(Beginning of EXERCISE INPUT)

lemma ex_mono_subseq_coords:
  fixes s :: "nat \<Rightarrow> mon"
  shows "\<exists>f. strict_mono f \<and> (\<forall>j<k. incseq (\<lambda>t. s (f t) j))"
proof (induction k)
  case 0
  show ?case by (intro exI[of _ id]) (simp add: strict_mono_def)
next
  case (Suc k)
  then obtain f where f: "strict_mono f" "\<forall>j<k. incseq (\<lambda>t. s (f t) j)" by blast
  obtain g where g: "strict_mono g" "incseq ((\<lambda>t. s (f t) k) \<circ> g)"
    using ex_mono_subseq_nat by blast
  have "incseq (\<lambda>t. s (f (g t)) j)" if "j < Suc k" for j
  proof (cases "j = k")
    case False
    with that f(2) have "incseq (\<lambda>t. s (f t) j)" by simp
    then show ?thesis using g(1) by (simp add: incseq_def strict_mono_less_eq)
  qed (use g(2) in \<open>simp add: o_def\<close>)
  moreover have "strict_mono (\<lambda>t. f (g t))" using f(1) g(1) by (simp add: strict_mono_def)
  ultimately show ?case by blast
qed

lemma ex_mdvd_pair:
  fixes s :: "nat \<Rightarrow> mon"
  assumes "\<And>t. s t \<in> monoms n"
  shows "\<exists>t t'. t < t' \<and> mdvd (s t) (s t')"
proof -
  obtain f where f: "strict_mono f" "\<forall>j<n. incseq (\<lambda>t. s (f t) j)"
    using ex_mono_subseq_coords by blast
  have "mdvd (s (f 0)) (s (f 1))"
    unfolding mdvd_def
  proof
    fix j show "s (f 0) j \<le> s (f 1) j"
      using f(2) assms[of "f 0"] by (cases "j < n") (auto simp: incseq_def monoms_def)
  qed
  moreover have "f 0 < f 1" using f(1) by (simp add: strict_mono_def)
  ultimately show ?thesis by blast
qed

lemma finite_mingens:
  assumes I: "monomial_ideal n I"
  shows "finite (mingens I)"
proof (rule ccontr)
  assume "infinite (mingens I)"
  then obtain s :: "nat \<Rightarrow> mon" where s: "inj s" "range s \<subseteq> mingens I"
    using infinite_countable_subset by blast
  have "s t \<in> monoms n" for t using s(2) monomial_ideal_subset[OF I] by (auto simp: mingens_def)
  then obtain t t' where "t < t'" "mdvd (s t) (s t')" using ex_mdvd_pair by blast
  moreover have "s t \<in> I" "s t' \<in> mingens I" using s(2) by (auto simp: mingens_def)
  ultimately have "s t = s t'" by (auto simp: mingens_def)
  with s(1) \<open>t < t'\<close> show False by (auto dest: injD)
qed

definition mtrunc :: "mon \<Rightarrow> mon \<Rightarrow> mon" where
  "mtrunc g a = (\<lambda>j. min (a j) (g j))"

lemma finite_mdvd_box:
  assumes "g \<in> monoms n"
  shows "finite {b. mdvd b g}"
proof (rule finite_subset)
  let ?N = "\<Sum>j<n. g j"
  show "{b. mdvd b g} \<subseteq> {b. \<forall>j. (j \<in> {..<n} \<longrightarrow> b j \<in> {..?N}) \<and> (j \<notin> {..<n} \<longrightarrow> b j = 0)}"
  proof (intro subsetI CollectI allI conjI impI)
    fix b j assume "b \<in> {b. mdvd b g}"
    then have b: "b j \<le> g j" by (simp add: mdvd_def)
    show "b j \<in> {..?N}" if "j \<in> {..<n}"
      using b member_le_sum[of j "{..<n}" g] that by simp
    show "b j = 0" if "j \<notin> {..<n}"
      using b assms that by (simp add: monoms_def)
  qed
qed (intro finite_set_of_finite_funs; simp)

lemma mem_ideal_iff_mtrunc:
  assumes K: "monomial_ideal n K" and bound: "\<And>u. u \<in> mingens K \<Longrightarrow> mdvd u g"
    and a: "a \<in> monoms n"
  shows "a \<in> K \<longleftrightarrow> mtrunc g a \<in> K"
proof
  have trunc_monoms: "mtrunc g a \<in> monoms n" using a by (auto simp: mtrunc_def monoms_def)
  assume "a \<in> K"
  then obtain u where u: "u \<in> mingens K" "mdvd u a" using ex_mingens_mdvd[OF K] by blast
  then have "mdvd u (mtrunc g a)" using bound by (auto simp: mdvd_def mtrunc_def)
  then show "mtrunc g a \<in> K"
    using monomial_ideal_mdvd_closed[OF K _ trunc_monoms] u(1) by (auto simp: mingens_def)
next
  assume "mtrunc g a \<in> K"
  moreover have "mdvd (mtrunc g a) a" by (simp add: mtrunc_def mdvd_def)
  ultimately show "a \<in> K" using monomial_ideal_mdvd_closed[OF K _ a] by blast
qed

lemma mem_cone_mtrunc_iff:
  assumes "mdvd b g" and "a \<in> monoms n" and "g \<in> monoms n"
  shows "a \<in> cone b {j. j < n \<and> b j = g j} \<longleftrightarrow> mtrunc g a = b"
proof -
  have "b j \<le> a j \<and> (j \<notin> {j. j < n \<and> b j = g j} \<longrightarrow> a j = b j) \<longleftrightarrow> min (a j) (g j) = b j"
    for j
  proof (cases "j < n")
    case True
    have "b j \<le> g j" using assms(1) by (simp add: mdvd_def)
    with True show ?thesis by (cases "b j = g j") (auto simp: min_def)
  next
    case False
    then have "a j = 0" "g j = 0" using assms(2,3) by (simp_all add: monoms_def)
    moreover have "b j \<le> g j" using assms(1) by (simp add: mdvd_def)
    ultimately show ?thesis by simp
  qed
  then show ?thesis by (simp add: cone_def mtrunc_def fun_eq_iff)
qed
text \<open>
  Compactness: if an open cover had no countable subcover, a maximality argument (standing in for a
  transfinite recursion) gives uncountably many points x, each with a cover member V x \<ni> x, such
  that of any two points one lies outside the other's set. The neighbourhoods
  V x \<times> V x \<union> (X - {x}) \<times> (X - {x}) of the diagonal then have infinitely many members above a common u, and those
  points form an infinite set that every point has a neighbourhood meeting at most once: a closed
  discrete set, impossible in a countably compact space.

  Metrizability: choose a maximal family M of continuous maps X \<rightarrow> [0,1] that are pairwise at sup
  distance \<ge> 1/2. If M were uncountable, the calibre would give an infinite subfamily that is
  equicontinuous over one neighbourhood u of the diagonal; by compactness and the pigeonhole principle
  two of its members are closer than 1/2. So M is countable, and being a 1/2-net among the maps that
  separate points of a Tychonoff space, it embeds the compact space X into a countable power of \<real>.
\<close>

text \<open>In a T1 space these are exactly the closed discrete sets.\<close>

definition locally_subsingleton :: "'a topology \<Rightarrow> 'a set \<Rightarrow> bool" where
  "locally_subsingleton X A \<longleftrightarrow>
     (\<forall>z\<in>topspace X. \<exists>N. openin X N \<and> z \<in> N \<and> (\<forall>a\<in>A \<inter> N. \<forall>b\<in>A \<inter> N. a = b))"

(End of EXERCISE INPUT)

> [WORK INSTRUCTION] Print exactly the lines of the listing above starting at the line containing "proof (intro subsetI" and ending at the line containing "then obtain u", both included.

> [ANSWER TO THIS PROBLEM]
  proof (intro subsetI CollectI allI conjI impI)
    fix b j assume "b \<in> {b. mdvd b g}"
    then have b: "b j \<le> g j" by (simp add: mdvd_def)
    show "b j \<in> {..?N}" if "j \<in> {..<n}"
      using b member_le_sum[of j "{..<n}" g] that by simp
    show "b j = 0" if "j \<notin> {..<n}"
      using b assms that by (simp add: monoms_def)
  qed
qed (intro finite_set_of_finite_funs; simp)

lemma mem_ideal_iff_mtrunc:
  assumes K: "monomial_ideal n K" and bound: "\<And>u. u \<in> mingens K \<Longrightarrow> mdvd u g"
    and a: "a \<in> monoms n"
  shows "a \<in> K \<longleftrightarrow> mtrunc g a \<in> K"
proof
  have trunc_monoms: "mtrunc g a \<in> monoms n" using a by (auto simp: mtrunc_def monoms_def)
  assume "a \<in> K"
  then obtain u where u: "u \<in> mingens K" "mdvd u a" using ex_mingens_mdvd[OF K] by blast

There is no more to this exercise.